Thursday, June 24, 2010

If god was an Irishman…

…the world would look much as it does now.

England have discovered an incredible talent in their team. And it’s Ireland. Of someone of Irish dissent myself, I have long foreseen the Irish eventually embracing the archaic eccentricity of cricket. And perhaps Eoin Morgan’s rapid elevation to most valuable one-day asset will further spur the sport’s development in the Republic.

Even during the T20 World Cup, Morgan was England’s most prolific batsman, winning the match for them on more than one occasion. Now, his thunderous century against the Australian proves his world-class value.

England must be thinking that, much like KP, his prolific, if unorthodox, talent may translate to success at test level. Morgan has both the temperament and the ability to score a lot of runs, and surely our snobbishness about the shorter formats would do well to focus on these attributes.

Sadly, cricket rarely gets me excited these days. Let alone the increasingly tedious money-grabbing matches. But, that young Morgan gets me going, to be sure.

Wednesday, June 23, 2010

Pietersen: down and out in Middlesex and Surrey

England’s best batsman is homeless. Not only is this hilarious, but the entire process is ludicrously managed.

The first role of handing in your notice is: (1) make sure you have another job to go to.

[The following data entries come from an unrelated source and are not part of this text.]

(* Under the setting of Theorem 2, let $d_{\min}=\min_{1\le s<j\le r+1}(\lambda_s-\lambda_j)$. Then: if $(i_1,\dots,i_r)=(1,\dots,r)$, $\lambda_{\min}(\mathrm{hess}\,g(\mathbf{X}_\Omega))\ge\tfrac12 d_{\min}$; if $\{i_1,\dots,i_r\}=\{1,\dots,r\}$ but $(i_1,\dots,i_r)\ne(1,\dots,r)$, $\lambda_{\min}(\mathrm{hess}\,g(\mathbf{X}_\Omega))\le-\tfrac12 d_{\min}$; if $\{i_1,\dots,i_r\}\ne\{1,\dots,r\}$, $\lambda_{\min}(\mathrm{hess}\,g(\mathbf{X}_\Omega))\le-d_{\min}$.
   Context: $\mathbf{M}\in\mathbb{R}^{N\times N}$ symmetric with eigenvalues $\lambda_1>\cdots>\lambda_r>\lambda_{r+1}\ge\cdots\ge\lambda_N$ and orthonormal eigenvectors $\bm{x}_1,\dots,\bm{x}_N$; for distinct $i_1,\dots,i_r\in[N]$, $\mathbf{X}_\Omega=[\bm{x}_{i_1},\dots,\bm{x}_{i_r}]$. $\mathrm{St}(N,r)=\{\mathbf{X}:\mathbf{X}^\top\mathbf{X}=\mathbf{I}_r\}$, $\mathbf{N}=\mathrm{diag}(r,r-1,\dots,1)$, $g(\mathbf{X})=-\tfrac12\mathrm{tr}(\mathbf{X}^\top\mathbf{M}\mathbf{X}\mathbf{N})$. $\mathcal{T}_{\mathbf{X}}\mathrm{St}(N,r)=\{\mathbf{U}:\mathbf{X}^\top\mathbf{U}+\mathbf{U}^\top\mathbf{X}=\mathbf{0}\}$; $\mathrm{hess}\,g(\mathbf{X})[\mathbf{U},\mathbf{U}]=\langle\mathbf{X}^\top\mathbf{M}\mathbf{X},\mathbf{U}^\top\mathbf{U}\mathbf{N}\rangle-\langle\mathbf{M},\mathbf{U}\mathbf{N}\mathbf{U}^\top\rangle$, and $\lambda_{\min}(\mathrm{hess}\,g(\mathbf{X}))=\min\{\mathrm{hess}\,g(\mathbf{X})[\mathbf{U},\mathbf{U}]:\mathbf{U}\in\mathcal{T}_{\mathbf{X}}\mathrm{St}(N,r),\|\mathbf{U}\|_F=1\}$. *)

theory Defs
  imports "Jordan_Normal_Form.Matrix"
begin

text \<open>Matrices are Jordan_Normal_Form matrices (real mat); all indices are 0-based:
  paper index k (1..N) corresponds to index k-1 here.\<close>

definition mtrace :: "real mat \<Rightarrow> real" where
  "mtrace A = (\<Sum>i<dim_row A. A $$ (i,i))"

definition frob_inner :: "real mat \<Rightarrow> real mat \<Rightarrow> real" where
  "frob_inner A B = mtrace (transpose_mat A * B)"

definition Nmat :: "nat \<Rightarrow> real mat" where
  "Nmat r = mat r r (\<lambda>(i,j). if i = j then real (r - i) else 0)"

definition tangent_St :: "nat \<Rightarrow> nat \<Rightarrow> real mat \<Rightarrow> real mat set" where
  "tangent_St n r X = {U. U \<in> carrier_mat n r \<and>
      transpose_mat X * U + transpose_mat U * X = 0\<^sub>m r r}"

What does Pietersen do? Well. He suddenly downs tools in Hampshire, mid-season and without warning, and declares his intention to play for a London side.

The reason for this is that he lives in Chelsea – a fashionable barrio of London’s oligarch belt – and can’t be bothered to commute to Southampton. Which is a hole.

Perfectly understandable, of course, but, what we management gurus know, it’s all about the process. More or less every process KP has in life tends to cock up. Except batting of course, but even that is subject to some dubious decision-making. Yet, his genius is only qualified by his raging stupidity in other areas in life. And KP’s range of savant idiocy appears wider than most.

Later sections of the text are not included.